# Killington:  April 20, 2007 (AMAZING Spring Day)



## 2knees (Apr 20, 2007)

*Kmart 420*

*Date(s) Skied: 420 *

*Resort or Ski Area: killington *

*Conditions: sunny, corn to soft to glop.  bumps *

*Trip Report: *  Met greg at needles quad around 10ish.  took a run on vertigo then down bittersweet and over to k1.  heavenly traverse to powerline.  they groomed it out totally so it had little appeal.  kinda like a semi icy hallway.  continued down lower west glade.  groomed out. down racers to royal flush.  Nice run, but those bare spots are gonna be real big by saturday afternoon with the sun it gets.  sclepped over to the snowdon quad, which in this snow, was no easy feat.  met powhunter and took a run down northstar.  smashed moguls.  tiny little bumplets.  oh well.  there is a big ole tree down on northstar now.

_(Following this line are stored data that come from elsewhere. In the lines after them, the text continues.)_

lemma weight4_half_vectors_subset_code_lattice: "weight4_half_vectors C \<subseteq> code_lattice C"
proof
  fix v assume "v \<in> weight4_half_vectors C"
  then obtain x T where x: "x \<in> C" "T \<subseteq> code_supp x" "v = half_sign_vector x T"
    unfolding weight4_half_vectors_def by auto
  have flip: "(\<Sum>k\<in>A. - axis k (1::real)) $ j = - (if j \<in> A then 1 else 0)" for A j
    by (simp add: sum_negf axis_def sum.delta' if_distrib cong: if_cong)
  have "v = half_word x + (\<Sum>i\<in>code_supp x - T. - axis i 1)"
    unfolding vec_eq_iff x(3)
    by (intro allI, simp only: vector_add_component flip)
      (auto simp: half_sign_vector_def half_word_component)
  also have "\<dots> \<in> code_lattice C"
    unfolding code_lattice_eq using x(1)
    by (intro lattice_gen_add lattice_gen_sum lattice_gen_uminus lattice_gen_base) auto
  finally show "v \<in> code_lattice C" .
qed

lemma inner_self_short_vectors:
  assumes "v \<in> short_vectors C"
  shows "v \<bullet> v = 1"
  using assms unfolding short_vectors_def
proof
  assume "v \<in> signed_axes"
  then show ?thesis by (auto simp: signed_axes_def inner_axis_axis)
next
  assume "v \<in> weight4_half_vectors C"
  then obtain x T where x: "hamming_weight x = 4" "v = half_sign_vector x T"
    unfolding weight4_half_vectors_def by auto
  have "v \<bullet> v = (\<Sum>i\<in>UNIV. if i \<in> code_supp x then 1/4 else 0)"
    unfolding inner_vec_def x(2) by (intro sum.cong) (auto simp: half_sign_vector_def)
  also have "\<dots> = card (code_supp x) / 4" by (simp add: sum.If_cases)
  finally show ?thesis using x(1) by (simp add: hamming_weight_def)
qed

lemma min_vectors_code_lattice:
  assumes "binary_linear_code C" and "\<forall>x\<in>C. x \<noteq> 0 \<longrightarrow> hamming_weight x \<ge> 4"
  shows "min_vectors (code_lattice C) = short_vectors C"
proof -
  let ?L = "code_lattice C"
  have short_in_L: "short_vectors C \<subseteq> ?L"
    unfolding short_vectors_def using signed_axes_subset_code_lattice weight4_half_vectors_subset_code_lattice by blast
  have norm_ge: "1 \<le> v \<bullet> v" and norm_eq: "v \<bullet> v = 1 \<Longrightarrow> v \<in> short_vectors C"
    if "v \<in> ?L" "v \<noteq> 0" for v
    using code_cosets_norm[OF assms(2)] code_lattice_subset_code_cosets[OF assms(1)] that by auto
  have "axis undefined 1 \<in> short_vectors C" unfolding short_vectors_def signed_axes_def by auto
  then have "1 \<in> {v \<bullet> v | v. v \<in> ?L \<and> v \<noteq> 0}"
    using short_in_L inner_self_short_vectors by force
  then have min: "lat_min ?L = 1"
    unfolding lat_min_def by (rule cInf_eq_minimum) (use norm_ge in blast)
  show "min_vectors ?L = short_vectors C"
    unfolding min_vectors_def min using short_in_L norm_eq inner_self_short_vectors by force
qed

lemma code_supp_inj: "inj code_supp"
proof (rule injI)
  fix x y :: "bit ^ 'n" assume "code_supp x = code_supp y"
  then have "x $ i \<noteq> 0 \<longleftrightarrow> y $ i \<noteq> 0" for i by (auto simp: code_supp_def)
  then have "x $ i = y $ i" for i by (metis bit_not_zero_iff)
  then show "x = y" by (simp add: vec_eq_iff)
qed

lemma finite_binary_words: "finite (W :: (bit ^ 'n) set)"
  by (rule finite_imageD[of code_supp]) (auto intro: inj_on_subset[OF code_supp_inj])

lemma half_sign_vector_nonzero_iff: "half_sign_vector x T $ i \<noteq> 0 \<longleftrightarrow> i \<in> code_supp x"
  by (simp add: half_sign_vector_def)

lemma card_signed_axes: "card (signed_axes :: (real ^ 'n) set) = 2 * CARD('n)"
proof -
  have "inj (\<lambda>i::'n. axis i c)" if "c \<noteq> 0" for c :: real
    using that by (auto intro: injI simp: axis_eq_axis)
  moreover have "range (\<lambda>i::'n. axis i (1::real)) \<inter> range (\<lambda>i. axis i (-1)) = {}"
    by (auto simp: axis_eq_axis)
  ultimately show ?thesis
    unfolding signed_axes_def by (simp add: card_Un_disjoint card_image)
qed

lemma card_weight4_half_vectors:
  "card (weight4_half_vectors C :: (real ^ 'n) set) = 16 * card {x \<in> C. hamming_weight x = 4}"
proof -
  define W where "W = {x \<in> C. hamming_weight x = 4}"
  have inj: "inj_on (half_sign_vector x) (Pow (code_supp x))" for x
  proof (rule inj_onI)
    fix T T' assume T: "T \<in> Pow (code_supp x)" "T' \<in> Pow (code_supp x)"
      and eq: "half_sign_vector x T = half_sign_vector x T'"
    have "i \<in> T \<longleftrightarrow> i \<in> T'" for i
      using T arg_cong[OF eq, of "\<lambda>v. v $ i"] by (auto simp: half_sign_vector_def split: if_splits)
    then show "T = T'" by blast
  qed
  have card16: "card (half_sign_vector x ` Pow (code_supp x)) = 16" if "x \<in> W" for x
    using that by (simp add: W_def hamming_weight_def card_image[OF inj] card_Pow)
  have disjoint: "half_sign_vector x ` Pow (code_supp x) \<inter> half_sign_vector y ` Pow (code_supp y) = {}"
    if "x \<noteq> y" for x y
  proof (rule ccontr)
    assume "half_sign_vector x ` Pow (code_supp x) \<inter> half_sign_vector y ` Pow (code_supp y) \<noteq> {}"
    then obtain T T' where "half_sign_vector x T = half_sign_vector y T'" by blast
    then have "code_supp x = code_supp y" by (metis half_sign_vector_nonzero_iff set_eqI)
    with code_supp_inj \<open>x \<noteq> y\<close> show False by (blast dest: injD)
  qed
  have "card (weight4_half_vectors C) = (\<Sum>x\<in>W. card (half_sign_vector x ` Pow (code_supp x)))"
    unfolding weight4_half_vectors_def W_def[symmetric]
    by (rule card_UN_disjoint) (simp_all add: finite_binary_words disjoint)
  also have "\<dots> = 16 * card W" using card16 by simp
  finally show ?thesis unfolding W_def .
qed

lemma card_short_vectors:
  "card (short_vectors C :: (real ^ 'n) set)
     = 2 * CARD('n) + 16 * card {x \<in> C. hamming_weight x = 4}"
proof -
  have "v \<notin> signed_axes" if "v \<in> weight4_half_vectors C" for v
  proof
    obtain x T where v: "v = half_sign_vector x T" "hamming_weight x = 4"
      using \<open>v \<in> weight4_half_vectors C\<close> unfolding weight4_half_vectors_def by blast
    then obtain i where "i \<in> code_supp x" by (fastforce simp: hamming_weight_def)
    then have "v $ i = 1/2 \<or> v $ i = -1/2" using v(1) by (simp add: half_sign_vector_def)
    moreover assume "v \<in> signed_axes"
    then have "v $ i \<in> {0, 1, -1}" by (auto simp: signed_axes_def axis_def split: if_splits)
    ultimately show False by auto
  qed
  then have "signed_axes \<inter> weight4_half_vectors C = {}" by blast
  moreover have "finite (signed_axes :: (real ^ 'n) set)"
    unfolding signed_axes_def by simp
  moreover have "finite (weight4_half_vectors C :: (real ^ 'n) set)"
    unfolding weight4_half_vectors_def by (auto intro: finite_binary_words)
  ultimately show ?thesis
    by (simp add: short_vectors_def card_Un_disjoint card_signed_axes card_weight4_half_vectors)
qed

definition pair_matrix :: "'n set \<Rightarrow> real ^ 'n ^ 'n" where
  "pair_matrix P = (\<chi> a b. if {a, b} = P then 1 else 0)"

lemma inj_on_pair_matrix:
  assumes "\<And>P. P \<in> \<P> \<Longrightarrow> \<exists>a b. P = {a, b}"
  shows "inj_on pair_matrix \<P>"
proof (rule inj_onI)
  fix P Q assume "P \<in> \<P>" "Q \<in> \<P>" and eq: "pair_matrix P = pair_matrix Q"
  then obtain a b where ab: "P = {a, b}" using assms by blast
  have "pair_matrix P $ a $ b = pair_matrix Q $ a $ b" using eq by simp
  with ab show "P = Q" by (simp add: pair_matrix_def split: if_splits)
qed

lemma independent_pair_matrices:
  assumes pairs: "\<And>P. P \<in> \<P> \<Longrightarrow> \<exists>a b. P = {a, b}"
  shows "independent (pair_matrix ` \<P>)"
  unfolding independent_explicit
proof (intro conjI allI impI ballI)
  show "finite (pair_matrix ` \<P>)" by simp
  fix c v
  assume comb: "(\<Sum>w\<in>pair_matrix ` \<P>. c w *\<^sub>R w) = 0" and "v \<in> pair_matrix ` \<P>"
  then obtain P where P: "P \<in> \<P>" "v = pair_matrix P" by blast
  then obtain a b where ab: "P = {a, b}" using pairs by blast
  have "0 = (\<Sum>w\<in>pair_matrix ` \<P>. c w *\<^sub>R w) $ a $ b" using comb by simp
  also have "\<dots> = (\<Sum>Q\<in>\<P>. c (pair_matrix Q) * (pair_matrix Q $ a $ b))"
    by (simp add: sum.reindex[OF inj_on_pair_matrix[OF pairs]])
  also have "\<dots> = (\<Sum>Q\<in>\<P>. if {a, b} = Q then c (pair_matrix Q) else 0)"
    by (intro sum.cong) (auto simp: pair_matrix_def)
  also have "\<dots> = c v" using P ab by (simp add: sum.delta)
  finally show "c v = 0" by simp
qed

lemma symmetric_in_span_pair_matrices:
  fixes A :: "real ^ 'n ^ 'n"
  assumes symmetric: "\<And>a b. A $ a $ b = A $ b $ a"
    and supported: "\<And>a b. {a, b} \<notin> \<P> \<Longrightarrow> A $ a $ b = 0"
  shows "A \<in> span (pair_matrix ` \<P>)"
proof -
  \<comment> \<open>\<open>c P\<close> reads \<open>A\<close> at some ordered pair enumerating \<open>P\<close>; by symmetry the choice is irrelevant.\<close>
  define c where "c P = (let p = SOME p. {fst p, snd p} = P in A $ fst p $ snd p)" for P :: "'n set"
  have c: "c {a, b} = A $ a $ b" for a b
  proof -
    have "\<exists>p. {fst p, snd p} = {a, b}" by (rule exI[of _ "(a, b)"]) simp
    then have "{fst (SOME p. {fst p, snd p} = {a, b}), snd (SOME p. {fst p, snd p} = {a, b})} = {a, b}"
      by (rule someI_ex)
    with symmetric show ?thesis unfolding c_def Let_def by (auto simp: doubleton_eq_iff)
  qed
  have "A $ a $ b = (\<Sum>P\<in>\<P>. c P *\<^sub>R pair_matrix P) $ a $ b" for a b
  proof -
    have "(\<Sum>P\<in>\<P>. c P *\<^sub>R pair_matrix P) $ a $ b = (\<Sum>P\<in>\<P>. if {a, b} = P then c P else 0)"
      unfolding sum_component vector_scaleR_component
      by (intro sum.cong) (auto simp: pair_matrix_def)
    also have "\<dots> = A $ a $ b" using c supported by (auto simp: sum.delta)
    finally show ?thesis by simp
  qed
  then have "A = (\<Sum>P\<in>\<P>. c P *\<^sub>R pair_matrix P)" by (simp add: vec_eq_iff)
  also have "\<dots> \<in> span (pair_matrix ` \<P>)"
    by (intro span_sum span_scale span_base) auto
  finally show ?thesis .
qed

definition weight4_pairs :: "(bit ^ 'n) set \<Rightarrow> 'n set set" where
  "weight4_pairs C = {P. \<exists>i j. i \<noteq> j \<and> P = {i, j} \<and>
     (\<exists>x\<in>C. hamming_weight x = 4 \<and> i \<in> code_supp x \<and> j \<in> code_supp x)}"

definition support_pairs :: "(bit ^ 'n) set \<Rightarrow> 'n set set" where
  "support_pairs C = range (\<lambda>i. {i}) \<union> weight4_pairs C"

lemma support_pairs_doubletons: "P \<in> support_pairs C \<Longrightarrow> \<exists>a b. P = {a, b}"
  unfolding support_pairs_def weight4_pairs_def by auto

lemma outer_short_vector_in_span:
  assumes "v \<in> short_vectors C"
  shows "outer v \<in> span (pair_matrix ` support_pairs C)"
proof (rule symmetric_in_span_pair_matrices)
  show "outer v $ a $ b = outer v $ b $ a" for a b by (simp add: outer_def mult.commute)
  show "outer v $ a $ b = 0" if ab: "{a, b} \<notin> support_pairs C" for a b
  proof (rule ccontr)
    assume "outer v $ a $ b \<noteq> 0"
    then have va: "v $ a \<noteq> 0" and vb: "v $ b \<noteq> 0" by (auto simp: outer_def)
    from assms[unfolded short_vectors_def] show False
    proof
      assume "v \<in> signed_axes"
      then obtain j c where "v = axis j c" unfolding signed_axes_def by auto
      with va vb have "a = j" "b = j" by (auto simp: axis_def split: if_splits)
      with ab show False unfolding support_pairs_def by auto
    next
      assume "v \<in> weight4_half_vectors C"
      then obtain x T where x: "x \<in> C" "hamming_weight x = 4" "v = half_sign_vector x T"
        unfolding weight4_half_vectors_def by auto
      with va vb have "a \<in> code_supp x" "b \<in> code_supp x"
        using half_sign_vector_nonzero_iff by auto
      with x have "{a, b} \<in> support_pairs C"
        unfolding support_pairs_def weight4_pairs_def by (cases "a = b") blast+
      with ab show False by simp
    qed
  qed
qed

From there we did an escapade/flume combo.  Escaped was smashed down also but nice snow.  Flume was funky but fun.  where the sun had gotten it, the bumps were sweet, but we all were thrown at one point when the corn snow turned instantly to flash frozen.  Powhunter took a A+++ crash on that.  Think its on video too.  sorry steve. :smile:

schlepped back over to ss quad and took a run down supe.  headwall was nicely corned up, the meadow was, well, the meadow.  ducked into the line that starts under the quad and falls away to skiers left.  big sweeping troughs and still a bit firm underneath but fun fun. from there, met up with trailboss and went back to vertigo where the bumps were simply magnificent.  soft, perfect lines and well yeah alot of dirt in place but nice.  Vertigo headwall was real good too, just a little poach and a small rock garden to deal with.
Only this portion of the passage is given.